BEGIN GIVEN RECORDS

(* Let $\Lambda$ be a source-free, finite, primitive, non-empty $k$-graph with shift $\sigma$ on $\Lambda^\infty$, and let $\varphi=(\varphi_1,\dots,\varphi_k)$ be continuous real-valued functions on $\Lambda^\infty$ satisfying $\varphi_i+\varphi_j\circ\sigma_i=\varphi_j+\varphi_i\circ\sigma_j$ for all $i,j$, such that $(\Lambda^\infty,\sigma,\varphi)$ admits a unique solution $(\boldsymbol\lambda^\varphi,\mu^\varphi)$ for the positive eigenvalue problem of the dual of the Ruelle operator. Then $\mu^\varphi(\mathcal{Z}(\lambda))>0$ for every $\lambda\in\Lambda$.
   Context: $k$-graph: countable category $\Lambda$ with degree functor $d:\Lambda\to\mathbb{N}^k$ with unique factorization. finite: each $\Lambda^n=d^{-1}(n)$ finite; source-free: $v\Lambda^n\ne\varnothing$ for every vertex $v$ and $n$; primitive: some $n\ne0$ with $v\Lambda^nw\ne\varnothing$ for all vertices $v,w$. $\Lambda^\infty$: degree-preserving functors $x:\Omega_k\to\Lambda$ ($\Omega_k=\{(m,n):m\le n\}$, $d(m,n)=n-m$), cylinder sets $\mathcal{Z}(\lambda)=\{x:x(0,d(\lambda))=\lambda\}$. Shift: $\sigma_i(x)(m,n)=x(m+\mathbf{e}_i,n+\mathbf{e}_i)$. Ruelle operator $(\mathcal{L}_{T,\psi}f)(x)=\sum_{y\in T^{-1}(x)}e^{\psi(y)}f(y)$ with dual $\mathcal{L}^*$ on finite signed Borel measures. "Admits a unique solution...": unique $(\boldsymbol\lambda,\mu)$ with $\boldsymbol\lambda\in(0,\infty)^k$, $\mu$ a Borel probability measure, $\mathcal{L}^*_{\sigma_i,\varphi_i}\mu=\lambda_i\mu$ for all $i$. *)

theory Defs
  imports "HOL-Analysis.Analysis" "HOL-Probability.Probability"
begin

END GIVEN RECORDS
BEGIN GIVEN RECORDS

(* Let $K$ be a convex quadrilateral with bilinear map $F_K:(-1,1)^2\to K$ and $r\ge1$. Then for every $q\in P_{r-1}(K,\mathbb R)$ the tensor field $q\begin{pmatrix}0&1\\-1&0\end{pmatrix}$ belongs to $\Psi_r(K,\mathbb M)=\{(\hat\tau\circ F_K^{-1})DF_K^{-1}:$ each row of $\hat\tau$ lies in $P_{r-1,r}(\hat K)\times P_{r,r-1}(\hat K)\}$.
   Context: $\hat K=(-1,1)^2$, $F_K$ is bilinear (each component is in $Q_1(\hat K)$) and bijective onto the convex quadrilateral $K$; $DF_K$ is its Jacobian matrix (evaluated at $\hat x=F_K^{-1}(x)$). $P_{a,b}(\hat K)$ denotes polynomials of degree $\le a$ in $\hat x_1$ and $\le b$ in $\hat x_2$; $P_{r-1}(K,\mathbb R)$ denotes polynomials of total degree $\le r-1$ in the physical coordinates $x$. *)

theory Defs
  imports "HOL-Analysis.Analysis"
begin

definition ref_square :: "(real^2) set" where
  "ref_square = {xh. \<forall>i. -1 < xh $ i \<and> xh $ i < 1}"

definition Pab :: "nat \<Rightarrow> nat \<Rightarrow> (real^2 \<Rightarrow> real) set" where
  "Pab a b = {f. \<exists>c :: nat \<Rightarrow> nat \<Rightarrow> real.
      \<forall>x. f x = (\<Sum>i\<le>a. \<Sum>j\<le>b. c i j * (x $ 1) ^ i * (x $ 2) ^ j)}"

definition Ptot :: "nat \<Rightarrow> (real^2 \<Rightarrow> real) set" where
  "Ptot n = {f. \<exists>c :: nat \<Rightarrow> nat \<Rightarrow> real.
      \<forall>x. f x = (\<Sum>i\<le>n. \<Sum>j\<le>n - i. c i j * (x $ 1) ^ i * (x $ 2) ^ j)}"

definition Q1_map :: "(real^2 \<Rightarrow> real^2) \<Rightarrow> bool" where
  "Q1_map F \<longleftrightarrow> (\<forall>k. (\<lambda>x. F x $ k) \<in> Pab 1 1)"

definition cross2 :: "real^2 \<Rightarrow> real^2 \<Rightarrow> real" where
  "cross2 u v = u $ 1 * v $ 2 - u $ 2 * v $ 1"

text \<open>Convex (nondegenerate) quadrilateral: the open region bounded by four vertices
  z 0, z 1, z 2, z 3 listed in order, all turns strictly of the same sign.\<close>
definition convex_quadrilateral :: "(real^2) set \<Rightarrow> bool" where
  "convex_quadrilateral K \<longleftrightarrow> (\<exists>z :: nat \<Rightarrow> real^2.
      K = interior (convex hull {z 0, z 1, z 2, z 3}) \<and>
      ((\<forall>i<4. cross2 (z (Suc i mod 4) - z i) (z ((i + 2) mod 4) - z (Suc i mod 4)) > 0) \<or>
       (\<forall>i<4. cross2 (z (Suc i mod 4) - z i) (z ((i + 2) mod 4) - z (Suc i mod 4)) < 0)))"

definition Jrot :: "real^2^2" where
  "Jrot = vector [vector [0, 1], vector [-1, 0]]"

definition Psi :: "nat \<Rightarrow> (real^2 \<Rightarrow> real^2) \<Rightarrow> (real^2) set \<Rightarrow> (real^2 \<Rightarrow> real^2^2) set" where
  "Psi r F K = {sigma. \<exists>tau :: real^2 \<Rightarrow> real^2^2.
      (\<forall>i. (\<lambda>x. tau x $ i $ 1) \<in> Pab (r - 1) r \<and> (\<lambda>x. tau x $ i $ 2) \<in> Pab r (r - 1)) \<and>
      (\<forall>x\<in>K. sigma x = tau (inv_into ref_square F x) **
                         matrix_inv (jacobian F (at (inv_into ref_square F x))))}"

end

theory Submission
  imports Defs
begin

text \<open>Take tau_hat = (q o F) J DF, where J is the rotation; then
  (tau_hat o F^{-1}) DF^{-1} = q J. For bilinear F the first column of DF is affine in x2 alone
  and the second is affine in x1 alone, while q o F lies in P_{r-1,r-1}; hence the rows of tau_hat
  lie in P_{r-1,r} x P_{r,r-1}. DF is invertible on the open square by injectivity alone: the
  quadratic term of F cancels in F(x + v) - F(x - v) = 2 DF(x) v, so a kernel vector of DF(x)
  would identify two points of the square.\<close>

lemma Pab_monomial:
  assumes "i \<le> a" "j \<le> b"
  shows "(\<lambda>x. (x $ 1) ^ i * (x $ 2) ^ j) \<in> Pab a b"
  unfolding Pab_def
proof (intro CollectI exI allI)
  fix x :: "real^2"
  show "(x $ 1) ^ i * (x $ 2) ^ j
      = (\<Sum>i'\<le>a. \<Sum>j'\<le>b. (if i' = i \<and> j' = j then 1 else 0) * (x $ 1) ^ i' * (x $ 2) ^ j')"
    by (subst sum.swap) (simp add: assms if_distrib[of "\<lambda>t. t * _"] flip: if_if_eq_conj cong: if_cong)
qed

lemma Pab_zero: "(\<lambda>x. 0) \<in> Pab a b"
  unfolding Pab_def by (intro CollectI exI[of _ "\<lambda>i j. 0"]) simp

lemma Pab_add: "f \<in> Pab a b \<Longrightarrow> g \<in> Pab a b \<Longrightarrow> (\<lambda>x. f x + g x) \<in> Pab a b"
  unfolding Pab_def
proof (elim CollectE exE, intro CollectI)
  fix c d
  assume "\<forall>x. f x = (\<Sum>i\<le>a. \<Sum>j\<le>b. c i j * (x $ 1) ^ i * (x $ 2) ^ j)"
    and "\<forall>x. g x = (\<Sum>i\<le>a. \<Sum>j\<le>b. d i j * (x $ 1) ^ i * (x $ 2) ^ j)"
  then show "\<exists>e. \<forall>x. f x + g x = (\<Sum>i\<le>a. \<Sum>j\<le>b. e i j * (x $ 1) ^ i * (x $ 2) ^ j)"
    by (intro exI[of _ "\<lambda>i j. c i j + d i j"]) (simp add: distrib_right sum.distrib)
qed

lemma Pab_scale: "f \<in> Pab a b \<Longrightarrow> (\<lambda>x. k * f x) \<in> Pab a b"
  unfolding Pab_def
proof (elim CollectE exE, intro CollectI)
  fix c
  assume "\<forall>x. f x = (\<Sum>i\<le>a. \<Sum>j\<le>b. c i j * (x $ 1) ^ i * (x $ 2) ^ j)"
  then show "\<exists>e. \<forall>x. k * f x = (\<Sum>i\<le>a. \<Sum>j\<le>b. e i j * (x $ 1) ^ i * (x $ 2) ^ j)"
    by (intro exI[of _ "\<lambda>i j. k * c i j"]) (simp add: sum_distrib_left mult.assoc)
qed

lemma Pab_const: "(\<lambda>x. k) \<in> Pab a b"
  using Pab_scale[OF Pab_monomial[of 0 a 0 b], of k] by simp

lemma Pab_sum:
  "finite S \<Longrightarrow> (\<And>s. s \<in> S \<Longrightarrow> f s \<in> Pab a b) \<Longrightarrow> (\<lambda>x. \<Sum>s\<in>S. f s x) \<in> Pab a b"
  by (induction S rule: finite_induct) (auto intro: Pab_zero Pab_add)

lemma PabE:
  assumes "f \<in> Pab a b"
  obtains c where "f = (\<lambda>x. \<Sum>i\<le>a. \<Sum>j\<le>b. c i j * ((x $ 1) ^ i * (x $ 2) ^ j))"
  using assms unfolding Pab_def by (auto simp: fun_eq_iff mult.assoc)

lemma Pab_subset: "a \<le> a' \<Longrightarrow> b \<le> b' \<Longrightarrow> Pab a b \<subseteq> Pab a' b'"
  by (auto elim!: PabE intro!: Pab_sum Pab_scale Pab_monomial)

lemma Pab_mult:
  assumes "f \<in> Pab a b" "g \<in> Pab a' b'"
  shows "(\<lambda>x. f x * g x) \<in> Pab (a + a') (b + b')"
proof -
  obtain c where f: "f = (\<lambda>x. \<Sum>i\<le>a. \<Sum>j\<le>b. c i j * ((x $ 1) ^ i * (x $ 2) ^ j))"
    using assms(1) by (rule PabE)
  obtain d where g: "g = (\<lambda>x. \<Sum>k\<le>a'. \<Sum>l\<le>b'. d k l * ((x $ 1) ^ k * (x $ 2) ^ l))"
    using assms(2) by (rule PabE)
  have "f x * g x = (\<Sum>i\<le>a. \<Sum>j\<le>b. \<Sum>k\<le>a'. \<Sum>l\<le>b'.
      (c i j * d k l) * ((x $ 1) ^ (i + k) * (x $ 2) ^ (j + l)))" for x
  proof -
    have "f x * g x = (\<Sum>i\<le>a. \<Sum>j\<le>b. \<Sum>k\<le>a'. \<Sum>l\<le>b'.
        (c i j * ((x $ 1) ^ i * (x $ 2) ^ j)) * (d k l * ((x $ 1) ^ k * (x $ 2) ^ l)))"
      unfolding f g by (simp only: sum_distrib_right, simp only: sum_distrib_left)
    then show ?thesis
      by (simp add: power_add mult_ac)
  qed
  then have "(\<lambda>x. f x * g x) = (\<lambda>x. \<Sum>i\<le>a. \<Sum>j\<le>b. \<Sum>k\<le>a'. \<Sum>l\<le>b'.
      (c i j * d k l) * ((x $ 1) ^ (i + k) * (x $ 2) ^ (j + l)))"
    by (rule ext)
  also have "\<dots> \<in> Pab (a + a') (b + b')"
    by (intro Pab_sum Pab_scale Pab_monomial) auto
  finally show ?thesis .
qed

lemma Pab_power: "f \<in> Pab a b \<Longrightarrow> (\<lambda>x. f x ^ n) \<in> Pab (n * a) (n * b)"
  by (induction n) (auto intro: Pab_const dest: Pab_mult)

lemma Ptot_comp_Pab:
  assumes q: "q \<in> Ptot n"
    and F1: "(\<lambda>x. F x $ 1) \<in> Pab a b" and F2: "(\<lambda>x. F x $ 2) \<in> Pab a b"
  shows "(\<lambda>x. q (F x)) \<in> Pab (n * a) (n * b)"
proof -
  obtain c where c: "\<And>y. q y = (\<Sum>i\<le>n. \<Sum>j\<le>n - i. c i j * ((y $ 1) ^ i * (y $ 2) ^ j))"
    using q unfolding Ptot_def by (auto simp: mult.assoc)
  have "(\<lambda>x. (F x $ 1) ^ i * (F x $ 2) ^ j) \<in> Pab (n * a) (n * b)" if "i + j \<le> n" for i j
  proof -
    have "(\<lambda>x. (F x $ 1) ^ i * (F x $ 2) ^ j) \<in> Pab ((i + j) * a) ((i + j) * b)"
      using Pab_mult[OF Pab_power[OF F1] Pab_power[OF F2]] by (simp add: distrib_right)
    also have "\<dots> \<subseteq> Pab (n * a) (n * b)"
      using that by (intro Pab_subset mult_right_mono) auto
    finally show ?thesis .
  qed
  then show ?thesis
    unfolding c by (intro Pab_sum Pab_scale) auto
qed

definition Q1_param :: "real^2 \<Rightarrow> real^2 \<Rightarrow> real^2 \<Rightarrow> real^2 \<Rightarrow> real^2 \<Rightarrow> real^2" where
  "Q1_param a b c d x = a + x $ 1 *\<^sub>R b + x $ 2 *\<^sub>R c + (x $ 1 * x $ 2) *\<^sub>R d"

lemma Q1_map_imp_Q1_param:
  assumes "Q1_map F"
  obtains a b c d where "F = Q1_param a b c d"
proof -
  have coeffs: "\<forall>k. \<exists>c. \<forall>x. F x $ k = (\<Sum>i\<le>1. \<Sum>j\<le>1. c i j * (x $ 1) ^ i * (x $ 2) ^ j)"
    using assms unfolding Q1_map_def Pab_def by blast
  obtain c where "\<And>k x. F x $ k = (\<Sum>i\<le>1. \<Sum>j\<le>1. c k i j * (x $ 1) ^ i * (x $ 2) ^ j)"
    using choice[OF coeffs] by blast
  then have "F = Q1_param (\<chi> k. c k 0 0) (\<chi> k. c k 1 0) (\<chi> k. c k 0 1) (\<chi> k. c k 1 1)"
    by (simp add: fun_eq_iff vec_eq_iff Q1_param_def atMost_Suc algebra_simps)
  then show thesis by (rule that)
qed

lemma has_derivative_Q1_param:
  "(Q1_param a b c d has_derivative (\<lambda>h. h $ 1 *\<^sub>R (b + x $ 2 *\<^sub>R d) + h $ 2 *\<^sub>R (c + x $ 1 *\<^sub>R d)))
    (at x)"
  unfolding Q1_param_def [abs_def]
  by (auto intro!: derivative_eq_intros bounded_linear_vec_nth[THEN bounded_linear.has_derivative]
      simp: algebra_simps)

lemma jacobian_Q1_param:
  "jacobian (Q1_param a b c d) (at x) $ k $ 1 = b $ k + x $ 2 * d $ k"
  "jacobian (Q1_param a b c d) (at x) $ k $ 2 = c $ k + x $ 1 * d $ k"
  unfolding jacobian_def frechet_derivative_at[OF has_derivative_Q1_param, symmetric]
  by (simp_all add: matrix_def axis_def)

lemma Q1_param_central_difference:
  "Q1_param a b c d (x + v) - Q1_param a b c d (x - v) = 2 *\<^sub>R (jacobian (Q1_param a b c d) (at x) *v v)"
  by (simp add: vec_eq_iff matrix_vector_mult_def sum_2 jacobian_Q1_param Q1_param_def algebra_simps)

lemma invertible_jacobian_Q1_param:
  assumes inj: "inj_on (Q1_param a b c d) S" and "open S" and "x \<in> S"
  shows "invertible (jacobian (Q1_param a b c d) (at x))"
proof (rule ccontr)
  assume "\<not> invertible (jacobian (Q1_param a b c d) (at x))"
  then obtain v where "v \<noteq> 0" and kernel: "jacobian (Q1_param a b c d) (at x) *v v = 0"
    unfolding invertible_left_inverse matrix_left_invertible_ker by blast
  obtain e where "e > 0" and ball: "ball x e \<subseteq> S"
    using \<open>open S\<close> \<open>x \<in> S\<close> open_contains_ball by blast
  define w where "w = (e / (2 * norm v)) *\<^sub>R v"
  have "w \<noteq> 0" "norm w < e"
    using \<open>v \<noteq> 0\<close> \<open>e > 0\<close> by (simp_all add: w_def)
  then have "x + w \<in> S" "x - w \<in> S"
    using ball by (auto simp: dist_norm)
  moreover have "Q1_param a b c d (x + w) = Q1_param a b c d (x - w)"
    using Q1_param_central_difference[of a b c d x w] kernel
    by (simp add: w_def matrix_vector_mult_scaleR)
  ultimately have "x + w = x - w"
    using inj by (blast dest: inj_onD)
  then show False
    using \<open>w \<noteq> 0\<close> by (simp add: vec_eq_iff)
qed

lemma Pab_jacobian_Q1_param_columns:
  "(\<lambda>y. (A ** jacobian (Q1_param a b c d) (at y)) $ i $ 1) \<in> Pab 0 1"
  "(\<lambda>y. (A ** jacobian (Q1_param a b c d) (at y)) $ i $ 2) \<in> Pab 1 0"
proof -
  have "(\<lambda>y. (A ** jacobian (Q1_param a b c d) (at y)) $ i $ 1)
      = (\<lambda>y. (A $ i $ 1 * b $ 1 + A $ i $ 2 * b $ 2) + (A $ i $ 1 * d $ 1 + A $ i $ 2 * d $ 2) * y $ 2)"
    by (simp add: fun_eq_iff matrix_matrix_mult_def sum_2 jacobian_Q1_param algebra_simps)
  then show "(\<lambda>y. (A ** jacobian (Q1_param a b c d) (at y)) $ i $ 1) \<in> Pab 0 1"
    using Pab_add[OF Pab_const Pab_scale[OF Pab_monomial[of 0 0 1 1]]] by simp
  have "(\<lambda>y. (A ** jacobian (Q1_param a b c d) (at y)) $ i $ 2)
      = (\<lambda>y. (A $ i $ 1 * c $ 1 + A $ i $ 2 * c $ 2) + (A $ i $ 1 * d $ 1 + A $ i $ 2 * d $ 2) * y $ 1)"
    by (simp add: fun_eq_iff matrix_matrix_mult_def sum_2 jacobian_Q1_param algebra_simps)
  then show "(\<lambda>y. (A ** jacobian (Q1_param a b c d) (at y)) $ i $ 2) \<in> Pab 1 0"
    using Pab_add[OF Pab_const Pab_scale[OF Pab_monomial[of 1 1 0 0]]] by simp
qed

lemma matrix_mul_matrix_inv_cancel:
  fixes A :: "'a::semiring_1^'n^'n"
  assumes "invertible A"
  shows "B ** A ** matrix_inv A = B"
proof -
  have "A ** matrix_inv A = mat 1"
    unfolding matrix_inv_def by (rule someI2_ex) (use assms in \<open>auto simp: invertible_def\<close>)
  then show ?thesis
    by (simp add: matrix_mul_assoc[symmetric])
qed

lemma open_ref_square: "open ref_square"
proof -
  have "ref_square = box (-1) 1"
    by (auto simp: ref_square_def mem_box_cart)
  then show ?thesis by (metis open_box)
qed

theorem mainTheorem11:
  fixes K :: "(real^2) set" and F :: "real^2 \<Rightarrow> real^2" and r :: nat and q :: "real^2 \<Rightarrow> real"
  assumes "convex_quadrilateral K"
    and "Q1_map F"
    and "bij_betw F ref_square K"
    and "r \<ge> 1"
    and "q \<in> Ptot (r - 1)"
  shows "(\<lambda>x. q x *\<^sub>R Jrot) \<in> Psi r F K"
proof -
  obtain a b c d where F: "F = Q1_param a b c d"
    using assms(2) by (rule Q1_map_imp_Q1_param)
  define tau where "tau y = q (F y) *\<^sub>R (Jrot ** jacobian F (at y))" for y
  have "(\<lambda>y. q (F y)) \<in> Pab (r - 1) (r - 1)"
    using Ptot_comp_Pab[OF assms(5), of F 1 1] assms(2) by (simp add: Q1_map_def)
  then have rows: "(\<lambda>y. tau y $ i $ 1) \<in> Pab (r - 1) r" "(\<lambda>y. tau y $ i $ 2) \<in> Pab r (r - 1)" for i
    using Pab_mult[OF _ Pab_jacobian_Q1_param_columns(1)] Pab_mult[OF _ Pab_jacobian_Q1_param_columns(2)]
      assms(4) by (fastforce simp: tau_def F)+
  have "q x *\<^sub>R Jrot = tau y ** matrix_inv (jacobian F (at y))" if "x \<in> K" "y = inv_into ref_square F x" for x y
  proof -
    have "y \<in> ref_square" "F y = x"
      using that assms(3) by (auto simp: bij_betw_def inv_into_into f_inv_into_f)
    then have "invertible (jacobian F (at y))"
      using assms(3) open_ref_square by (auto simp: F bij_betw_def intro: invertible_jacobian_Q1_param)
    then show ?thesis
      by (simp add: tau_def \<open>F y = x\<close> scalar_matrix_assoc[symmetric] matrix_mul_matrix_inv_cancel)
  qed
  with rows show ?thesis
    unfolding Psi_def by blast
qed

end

END GIVEN RECORDS

## WHAT YOU ARE ASKED TO DO
From the records above, pick out and copy each line holding the word "assumes".

## EXERCISE RESPONSE
  assumes "i \<le> a" "j \<le> b"
  assumes "f \<in> Pab a b"
  assumes "f \<in> Pab a b" "g \<in> Pab a' b'"
  assumes q: "q \<in> Ptot n"
  assumes "Q1_map F"
  assumes inj: "inj_on (Q1_param a b c d) S" and "open S" and "x \<in> S"
  assumes "invertible A"
  assumes "convex_quadrilateral K"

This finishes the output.